About this task = Give back the lines of the records exactly, starting at the first and ending at the one with "(add_mset Bot \<Gamma>)".

Data provided =
=-=-=-=-=

(* For all finite multisets $\Gamma,\Delta$ of S4 formulas and all S4 formulas $A,B$: if $\mathrm{G3s}\vdash \Gamma\supset\Delta,\Box A,\Box B$ and $\mathrm{G3s}\vdash\Gamma\supset\Delta,\Box(A\to B),\Box B$, then $\mathrm{G3s}\vdash\Gamma\supset\Delta,\Box B$.
   Context: S4 formulas: $A ::= \bot \mid P \mid A_0\to A_1 \mid \Box A$ ($P$ atomic). Sequents $\Gamma\supset\Delta$ use finite multisets; $\Box\Gamma:=\{\Box C\mid C\in\Gamma\}$. G3s rules: (Ax) $P,\Gamma\supset\Delta,P$ ($P$ atomic); $(\bot\supset)$ $\bot,\Gamma\supset\Delta$; $(\to\supset)$ from $\Gamma\supset\Delta,A$ and $B,\Gamma\supset\Delta$ infer $A\to B,\Gamma\supset\Delta$; $(\supset\to)$ from $A,\Gamma\supset\Delta,B$ infer $\Gamma\supset\Delta,A\to B$; $(\Box\supset)$ from $A,\Box A,\Gamma\supset\Delta$ infer $\Box A,\Gamma\supset\Delta$; $(\supset\Box)$ from $\Box\Gamma\supset A$ infer $\Gamma',\Box\Gamma\supset\Delta',\Box A$. *)

theory Defs
  imports Main "HOL-Library.Multiset"
begin

datatype 'a fm = Bot | At 'a | Imp "'a fm" "'a fm" | Box "'a fm"

inductive G3s :: "'a fm multiset \<Rightarrow> 'a fm multiset \<Rightarrow> bool" where
  Ax: "G3s (add_mset (At P) \<Gamma>) (add_mset (At P) \<Delta>)"
| BotL: "G3s (add_mset Bot \<Gamma>) \<Delta>"
| ImpL: "G3s \<Gamma> (add_mset A \<Delta>) \<Longrightarrow> G3s (add_mset B \<Gamma>) \<Delta> \<Longrightarrow> G3s (add_mset (Imp A B) \<Gamma>) \<Delta>"
| ImpR: "G3s (add_mset A \<Gamma>) (add_mset B \<Delta>) \<Longrightarrow> G3s \<Gamma> (add_mset (Imp A B) \<Delta>)"
| BoxL: "G3s (add_mset A (add_mset (Box A) \<Gamma>)) \<Delta> \<Longrightarrow> G3s (add_mset (Box A) \<Gamma>) \<Delta>"
| BoxR: "G3s (image_mset Box \<Gamma>) {#A#} \<Longrightarrow> G3s (\<Gamma>' + image_mset Box \<Gamma>) (add_mset (Box A) \<Delta>')"

end

theory Submission
  imports Defs
begin

text \<open>
  The conclusion follows from the two hypotheses by two cuts, on \<open>Box (Imp A B)\<close> and on
  \<open>Box A\<close>, against the derivable sequent \<open>Box (Imp A B), Box A \<supset> Box B\<close>. The substance is
  admissibility of cut in G3s, proved by induction on the cut formula \<open>C\<close> and, inside it, by
  induction first on the derivation of \<open>\<Gamma> \<supset> C, \<Delta>\<close> until \<open>C\<close> is principal there, and then
  on the derivation of \<open>C, \<Gamma> \<supset> \<Delta>\<close> until \<open>C\<close> is principal on both sides; the principal
  cases reduce to cuts on the immediate subformulas. Sequents are related by submultisets
  throughout, so weakening is absorbed into every induction.
\<close>

lemma G3s_Ax_mem: "At P \<in># \<Gamma> \<Longrightarrow> At P \<in># \<Delta> \<Longrightarrow> G3s \<Gamma> \<Delta>"
  by (metis G3s.Ax insert_DiffM)

lemma G3s_BotL_mem: "Bot \<in># \<Gamma> \<Longrightarrow> G3s \<Gamma> \<Delta>"
  by (metis G3s.BotL insert_DiffM)

lemma G3s_ImpL_mem:
  "Imp A B \<in># \<Gamma> \<Longrightarrow> G3s (\<Gamma> - {#Imp A B#}) (add_mset A \<Delta>)
    \<Longrightarrow> G3s (add_mset B (\<Gamma> - {#Imp A B#})) \<Delta> \<Longrightarrow> G3s \<Gamma> \<Delta>"
  by (metis G3s.ImpL insert_DiffM)

lemma G3s_ImpR_mem:
  "Imp A B \<in># \<Delta> \<Longrightarrow> G3s (add_mset A \<Gamma>) (add_mset B (\<Delta> - {#Imp A B#})) \<Longrightarrow> G3s \<Gamma> \<Delta>"
  by (metis G3s.ImpR insert_DiffM)
(* Let $T$ be an MFQST with explicit bound $k$ on $n$ sources $z_1,\dots,z_n$ and sink $z_{BS}$. Then $$L(T)\ge\frac{1}{n+k+1}\sum_{i=1}^n|z_iz_{BS}|^2.$$
   Context: Let $Z=\{z_1,\dots,z_n\}\subset\mathbb{R}^2$ ($n\ge 1$) be a set of sources and $z_{BS}\in\mathbb{R}^2\setminus Z$ a sink; each source has supply $1$. A flow-dependent quadratic Steiner tree (FQST) consists of a finite set $S\subset\mathbb{R}^2$ of Steiner points and a tree $T$ with vertex set $Z\cup S\cup\{z_{BS}\}$ whose edges are directed towards $z_{BS}$. Every node other than the sink has exactly one out-edge, and the sink has none. Each edge $e$ carries a positive flow $f(e)$ such that: - at each source, the flow on its out-edge minus the total flow on its in-edges equals $1$; - at each Steiner point, the out-flow equals the total in-flow; - the sink receives total flow $n$. The cost is $L(T)=\sum_{e\in E(T)} f(e)|e|^2$. An MFQST with explicit bound $k$ minimises $L$ among all FQSTs with $|S|\le k$. *)

theory Defs
  imports "HOL-Analysis.Analysis"
begin

type_synonym pt = "real^2"

text \<open>The tree is given by the successor map p: every vertex v other than the sink
  has the unique out-edge (v, p v); f v is the flow on that out-edge.
  Acyclicity / connectivity: iterating p from any vertex reaches the sink.\<close>

definition in_edges :: "pt set \<Rightarrow> pt \<Rightarrow> pt set \<Rightarrow> (pt \<Rightarrow> pt) \<Rightarrow> pt \<Rightarrow> pt set" where
  "in_edges Z zbs S p w = {u \<in> Z \<union> S. p u = w}"

definition is_FQST :: "pt set \<Rightarrow> pt \<Rightarrow> pt set \<Rightarrow> (pt \<Rightarrow> pt) \<Rightarrow> (pt \<Rightarrow> real) \<Rightarrow> bool" where
  "is_FQST Z zbs S p f \<longleftrightarrow>
     finite S \<and> S \<inter> Z = {} \<and> zbs \<notin> S \<and>
     (\<forall>v \<in> Z \<union> S. p v \<in> Z \<union> S \<union> {zbs} \<and> f v > 0) \<and>
     (\<forall>v \<in> Z \<union> S \<union> {zbs}. \<exists>m. (p ^^ m) v = zbs) \<and>
     (\<forall>z \<in> Z. f z - (\<Sum>u \<in> in_edges Z zbs S p z. f u) = 1) \<and>
     (\<forall>s \<in> S. f s = (\<Sum>u \<in> in_edges Z zbs S p s. f u)) \<and>
     (\<Sum>u \<in> in_edges Z zbs S p zbs. f u) = real (card Z)"

definition FQST_cost :: "pt set \<Rightarrow> pt set \<Rightarrow> (pt \<Rightarrow> pt) \<Rightarrow> (pt \<Rightarrow> real) \<Rightarrow> real" where
  "FQST_cost Z S p f = (\<Sum>v \<in> Z \<union> S. f v * (dist v (p v))\<^sup>2)"

definition is_MFQST :: "pt set \<Rightarrow> pt \<Rightarrow> nat \<Rightarrow> pt set \<Rightarrow> (pt \<Rightarrow> pt) \<Rightarrow> (pt \<Rightarrow> real) \<Rightarrow> bool" where
  "is_MFQST Z zbs k S p f \<longleftrightarrow>
     is_FQST Z zbs S p f \<and> card S \<le> k \<and>
     (\<forall>S' p' f'. is_FQST Z zbs S' p' f' \<and> card S' \<le> k \<longrightarrow>
        FQST_cost Z S p f \<le> FQST_cost Z S' p' f')"

end

theory Submission
  imports Defs
begin

(* Let depth z be the number of edges on the
   path from a source z to the sink and call a source z "upstream" of v if v lies on that path.
   (1) Flow conservation with unit supplies forces f v \<ge> #(sources upstream of v).
   (2) Exchanging the order of summation, \<Sum>v #upstream(v) * c v equals the sum over all
       sources of the c-weights along their sink paths.
   (3) By the triangle inequality and Cauchy-Schwarz, the squared edge lengths along the path
       of z sum to at least |z zbs|\<^sup>2 / depth z.
   (4) Paths visit distinct vertices of V, so depth z \<le> |V| \<le> n + k < n + k + 1.
   The file first develops (1), (2), (4) in a locale for finite rooted successor structures,
   proves (3) for arbitrary chains in a metric space, and combines everything at the end. *)

locale rooted_tree =
  fixes V :: "'a set" and root :: 'a and p :: "'a \<Rightarrow> 'a"
  assumes finite_V: "finite V"
    and root_notin: "root \<notin> V"
    and p_closed: "\<And>v. v \<in> V \<Longrightarrow> p v \<in> V \<union> {root}"
    and reaches_root: "\<And>v. v \<in> V \<Longrightarrow> \<exists>m. (p ^^ m) v = root"
begin

definition depth :: "'a \<Rightarrow> nat" where
  "depth v = (LEAST m. (p ^^ m) v = root)"

lemma depth_reaches_root: assumes "v \<in> V" shows "(p ^^ depth v) v = root"
proof -
  obtain m where "(p ^^ m) v = root" using reaches_root[OF assms] by blast
  then show ?thesis unfolding depth_def by (rule LeastI)
qed

lemma before_depth_not_root: "i < depth v \<Longrightarrow> (p ^^ i) v \<noteq> root"
  unfolding depth_def using not_less_Least by blast

lemma path_in_V: "v \<in> V \<Longrightarrow> i < depth v \<Longrightarrow> (p ^^ i) v \<in> V"
proof (induction i)
  case 0
  then show ?case by simp
next
  case (Suc i)
  then have "p ((p ^^ i) v) \<in> V \<union> {root}" using p_closed by simp
  moreover have "(p ^^ Suc i) v \<noteq> root" using before_depth_not_root Suc.prems by blast
  ultimately show ?case by simp
qed

text \<open>Paths are simple: a repeated vertex would make the path cycle without reaching the root.\<close>

lemma path_inj: assumes v: "v \<in> V" shows "inj_on (\<lambda>i. (p ^^ i) v) {..<depth v}"
proof -
  have no_repeat: "(p ^^ i) v \<noteq> (p ^^ j) v" if ij: "i < j" "j < depth v" for i j
  proof
    assume eq: "(p ^^ i) v = (p ^^ j) v"
    have "(p ^^ (depth v - j + i)) v = (p ^^ (depth v - j)) ((p ^^ i) v)"
      by (simp add: funpow_add)
    also have "\<dots> = (p ^^ (depth v - j + j)) v" by (simp add: eq funpow_add)
    also have "\<dots> = root" using depth_reaches_root v ij by simp
    finally have "(p ^^ (depth v - j + i)) v = root" .
    moreover have "depth v - j + i < depth v" using ij by simp
    ultimately show False using before_depth_not_root by blast
  qed
  show ?thesis
    by (rule inj_onI) (metis lessThan_iff linorder_neqE_nat no_repeat)
qed

lemma depth_le_card: "v \<in> V \<Longrightarrow> depth v \<le> card V"
  using card_image[OF path_inj, of v] path_in_V finite_V
  by (metis (no_types, lifting) card_lessThan card_mono image_subsetI lessThan_iff)

lemma depth_successor: assumes u: "u \<in> V" shows "depth u = Suc (depth (p u))"
proof -
  have "depth u \<noteq> 0"
    using depth_reaches_root[OF u] u root_notin by (metis funpow_0)
  then obtain m where m: "depth u = Suc m" using not0_implies_Suc by blast
  have "(p ^^ m) (p u) = root"
    using depth_reaches_root[OF u] m by (simp add: funpow_Suc_right del: funpow.simps)
  then have "depth (p u) \<le> m" unfolding depth_def by (rule Least_le)
  moreover have "(p ^^ depth (p u)) (p u) = root"
    using p_closed[OF u] depth_reaches_root by (cases "p u = root") (auto simp: depth_def)
  then have "depth u \<le> Suc (depth (p u))"
    unfolding depth_def by (intro Least_le) (simp add: funpow_Suc_right del: funpow.simps)
  ultimately show ?thesis using m by simp
qed

definition upstream :: "'a set \<Rightarrow> 'a \<Rightarrow> 'a set" where
  "upstream Z v = {z \<in> Z. \<exists>i<depth z. (p ^^ i) z = v}"

lemma upstream_split:
  assumes ZV: "Z \<subseteq> V"
  shows "upstream Z v \<subseteq> ({v} \<inter> Z) \<union> (\<Union>u\<in>{u \<in> V. p u = v}. upstream Z u)"
proof
  fix z assume "z \<in> upstream Z v"
  then obtain i where z: "z \<in> Z" "i < depth z" "(p ^^ i) z = v"
    unfolding upstream_def by blast
  show "z \<in> ({v} \<inter> Z) \<union> (\<Union>u\<in>{u \<in> V. p u = v}. upstream Z u)"
  proof (cases i)
    case 0
    then show ?thesis using z by simp
  next
    case (Suc j)
    then have "z \<in> upstream Z ((p ^^ j) z)"
      using z unfolding upstream_def by (intro CollectI conjI exI[of _ j]) auto
    moreover have "(p ^^ j) z \<in> V" using path_in_V z Suc ZV by auto
    ultimately show ?thesis using z Suc unfolding upstream_def by auto
  qed
qed

text \<open>Induction runs
  from the leaves down, i.e. on card V - depth v.\<close>

lemma flow_ge_upstream:
  fixes f :: "'a \<Rightarrow> real"
  assumes ZV: "Z \<subseteq> V"
    and conservation: "\<And>v. v \<in> V \<Longrightarrow>
          f v \<ge> (if v \<in> Z then 1 else 0) + (\<Sum>u\<in>{u \<in> V. p u = v}. f u)"
  shows "v \<in> V \<Longrightarrow> real (card (upstream Z v)) \<le> f v"
proof (induction "card V - depth v" arbitrary: v rule: less_induct)
  case less
  let ?C = "{u \<in> V. p u = v}"
  have finite_C: "finite ?C" using finite_V by simp
  have finite_up: "finite (upstream Z u)" for u
    using finite_subset[OF ZV finite_V] unfolding upstream_def by simp
  have IH: "real (card (upstream Z u)) \<le> f u" if u: "u \<in> ?C" for u
  proof -
    have "depth u = Suc (depth v)" using depth_successor u by auto
    moreover have "depth u \<le> card V" using depth_le_card u by auto
    ultimately show ?thesis using less.hyps u by simp
  qed
  have "card (upstream Z v) \<le> card (({v} \<inter> Z) \<union> (\<Union>u\<in>?C. upstream Z u))"
    using upstream_split[OF ZV] finite_C finite_up by (intro card_mono) auto
  also have "\<dots> \<le> card ({v} \<inter> Z) + (\<Sum>u\<in>?C. card (upstream Z u))"
    using card_Un_le[of "{v} \<inter> Z"] card_UN_le[OF finite_C, of "upstream Z"]
    by (meson add_left_mono le_trans)
  finally have "real (card (upstream Z v))
      \<le> (if v \<in> Z then 1 else 0) + (\<Sum>u\<in>?C. real (card (upstream Z u)))"
    by (cases "v \<in> Z") (simp_all flip: of_nat_sum)
  also have "\<dots> \<le> (if v \<in> Z then 1 else 0) + (\<Sum>u\<in>?C. f u)"
    using sum_mono[of ?C "\<lambda>u. real (card (upstream Z u))" f] IH by simp
  also have "\<dots> \<le> f v" using conservation less.prems by blast
  finally show ?case .
qed

lemma upstream_weight_sum:
  fixes c :: "'a \<Rightarrow> real"
  assumes ZV: "Z \<subseteq> V"
  shows "(\<Sum>v\<in>V. real (card (upstream Z v)) * c v) = (\<Sum>z\<in>Z. \<Sum>i<depth z. c ((p ^^ i) z))"
proof -
  have finite_Z: "finite Z" using finite_subset[OF ZV finite_V] .
  have "(\<Sum>v\<in>V. real (card (upstream Z v)) * c v)
      = (\<Sum>v\<in>V. \<Sum>z\<in>Z. if z \<in> upstream Z v then c v else 0)"
    using finite_Z by (simp add: sum.If_cases upstream_def Int_def)
  also have "\<dots> = (\<Sum>z\<in>Z. \<Sum>v\<in>V. if z \<in> upstream Z v then c v else 0)"
    by (rule sum.swap)
  also have "\<dots> = (\<Sum>z\<in>Z. \<Sum>i<depth z. c ((p ^^ i) z))"
  proof (rule sum.cong[OF refl])
    fix z assume z: "z \<in> Z"
    have path: "{v \<in> V. z \<in> upstream Z v} = (\<lambda>i. (p ^^ i) z) ` {..<depth z}"
      unfolding upstream_def using z ZV path_in_V by auto
    have "(\<Sum>v\<in>V. if z \<in> upstream Z v then c v else 0) = (\<Sum>v\<in>{v \<in> V. z \<in> upstream Z v}. c v)"
      using finite_V by (simp add: sum.If_cases Int_def)
    also have "\<dots> = (\<Sum>i<depth z. c ((p ^^ i) z))"
      unfolding path using sum.reindex[OF path_inj] z ZV by auto
    finally show "(\<Sum>v\<in>V. if z \<in> upstream Z v then c v else 0) = (\<Sum>i<depth z. c ((p ^^ i) z))" .
  qed
  finally show ?thesis .
qed

end

lemma chain_dist_squared_le:
  fixes x :: "nat \<Rightarrow> 'a::metric_space"
  shows "(dist (x 0) (x m))\<^sup>2 \<le> real m * (\<Sum>i<m. (dist (x i) (x (Suc i)))\<^sup>2)"
proof -
  have triangle: "dist (x 0) (x m) \<le> (\<Sum>i<m. dist (x i) (x (Suc i)))"
  proof (induction m)
    case 0
    then show ?case by simp
  next
    case (Suc m)
    then show ?case using dist_triangle[of "x 0" "x (Suc m)" "x m"] by (simp add: dist_commute)
  qed
  have "(dist (x 0) (x m))\<^sup>2 \<le> (\<Sum>i<m. dist (x i) (x (Suc i)))\<^sup>2"
    using triangle by (intro power_mono) auto
  also have "\<dots> \<le> (\<Sum>i<m. (dist (x i) (x (Suc i)))\<^sup>2) * real (card {..<m})"
    by (rule sum_squared_le_sum_of_squares)
  finally show ?thesis by (simp add: mult.commute)
qed

lemma FQST_rooted_tree:
  assumes "is_FQST Z zbs S p f" and "finite Z" and "zbs \<notin> Z"
  shows "rooted_tree (Z \<union> S) zbs p"
  using assms unfolding is_FQST_def by unfold_locales auto

lemma FQST_conservation:
  assumes "is_FQST Z zbs S p f" and "v \<in> Z \<union> S"
  shows "f v \<ge> (if v \<in> Z then 1 else 0) + (\<Sum>u\<in>{u \<in> Z \<union> S. p u = v}. f u)"
  using assms unfolding is_FQST_def in_edges_def by (cases "v \<in> Z") auto

theorem mainTheorem15:
  fixes Z :: "(real^2) set" and zbs :: "real^2" and k :: nat
    and S :: "(real^2) set" and p :: "real^2 \<Rightarrow> real^2" and f :: "real^2 \<Rightarrow> real"
  assumes "finite Z" and "card Z \<ge> 1" and "zbs \<notin> Z"
    and "is_MFQST Z zbs k S p f"
  shows "FQST_cost Z S p f \<ge> (1 / real (card Z + k + 1)) * (\<Sum>z \<in> Z. (dist z zbs)\<^sup>2)"
proof -
  let ?V = "Z \<union> S" and ?N = "real (card Z + k + 1)"
  have T: "is_FQST Z zbs S p f" and card_S: "card S \<le> k"
    using assms(4) unfolding is_MFQST_def by auto
  interpret rooted_tree ?V zbs p using FQST_rooted_tree[OF T assms(1,3)] .
  define c where "c v = (dist v (p v))\<^sup>2" for v
  have path_cost: "(dist z zbs)\<^sup>2 / ?N \<le> (\<Sum>i<depth z. c ((p ^^ i) z))" if z: "z \<in> Z" for z
  proof -
    have depth_le_N: "real (depth z) \<le> ?N"
      using depth_le_card[of z] card_Un_le[of Z S] card_S z by simp
    have "(dist z zbs)\<^sup>2 \<le> real (depth z) * (\<Sum>i<depth z. c ((p ^^ i) z))"
      using chain_dist_squared_le[of "\<lambda>i. (p ^^ i) z" "depth z"] depth_reaches_root[of z] z
      by (simp add: c_def)
    also have "\<dots> \<le> ?N * (\<Sum>i<depth z. c ((p ^^ i) z))"
      using depth_le_N by (rule mult_right_mono) (simp add: c_def sum_nonneg)
    finally show ?thesis by (simp add: pos_divide_le_eq mult.commute)
  qed
  have "(1 / ?N) * (\<Sum>z\<in>Z. (dist z zbs)\<^sup>2) = (\<Sum>z\<in>Z. (dist z zbs)\<^sup>2 / ?N)"
    by (simp add: sum_divide_distrib)
  also have "\<dots> \<le> (\<Sum>z\<in>Z. \<Sum>i<depth z. c ((p ^^ i) z))"
    using path_cost by (rule sum_mono)
  also have "\<dots> = (\<Sum>v\<in>?V. real (card (upstream Z v)) * c v)"
    by (rule upstream_weight_sum[symmetric]) simp
  also have "\<dots> \<le> (\<Sum>v\<in>?V. f v * c v)"
    using flow_ge_upstream[of Z f] FQST_conservation[OF T]
    by (intro sum_mono mult_right_mono) (auto simp: c_def)
  also have "\<dots> = FQST_cost Z S p f"
    by (simp add: FQST_cost_def c_def)
  finally show ?thesis .
qed

end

=-=-=-=-=

Written solution =
(* For all finite multisets $\Gamma,\Delta$ of S4 formulas and all S4 formulas $A,B$: if $\mathrm{G3s}\vdash \Gamma\supset\Delta,\Box A,\Box B$ and $\mathrm{G3s}\vdash\Gamma\supset\Delta,\Box(A\to B),\Box B$, then $\mathrm{G3s}\vdash\Gamma\supset\Delta,\Box B$.
   Context: S4 formulas: $A ::= \bot \mid P \mid A_0\to A_1 \mid \Box A$ ($P$ atomic). Sequents $\Gamma\supset\Delta$ use finite multisets; $\Box\Gamma:=\{\Box C\mid C\in\Gamma\}$. G3s rules: (Ax) $P,\Gamma\supset\Delta,P$ ($P$ atomic); $(\bot\supset)$ $\bot,\Gamma\supset\Delta$; $(\to\supset)$ from $\Gamma\supset\Delta,A$ and $B,\Gamma\supset\Delta$ infer $A\to B,\Gamma\supset\Delta$; $(\supset\to)$ from $A,\Gamma\supset\Delta,B$ infer $\Gamma\supset\Delta,A\to B$; $(\Box\supset)$ from $A,\Box A,\Gamma\supset\Delta$ infer $\Box A,\Gamma\supset\Delta$; $(\supset\Box)$ from $\Box\Gamma\supset A$ infer $\Gamma',\Box\Gamma\supset\Delta',\Box A$. *)

theory Defs
  imports Main "HOL-Library.Multiset"
begin

datatype 'a fm = Bot | At 'a | Imp "'a fm" "'a fm" | Box "'a fm"

inductive G3s :: "'a fm multiset \<Rightarrow> 'a fm multiset \<Rightarrow> bool" where
  Ax: "G3s (add_mset (At P) \<Gamma>) (add_mset (At P) \<Delta>)"
| BotL: "G3s (add_mset Bot \<Gamma>) \<Delta>"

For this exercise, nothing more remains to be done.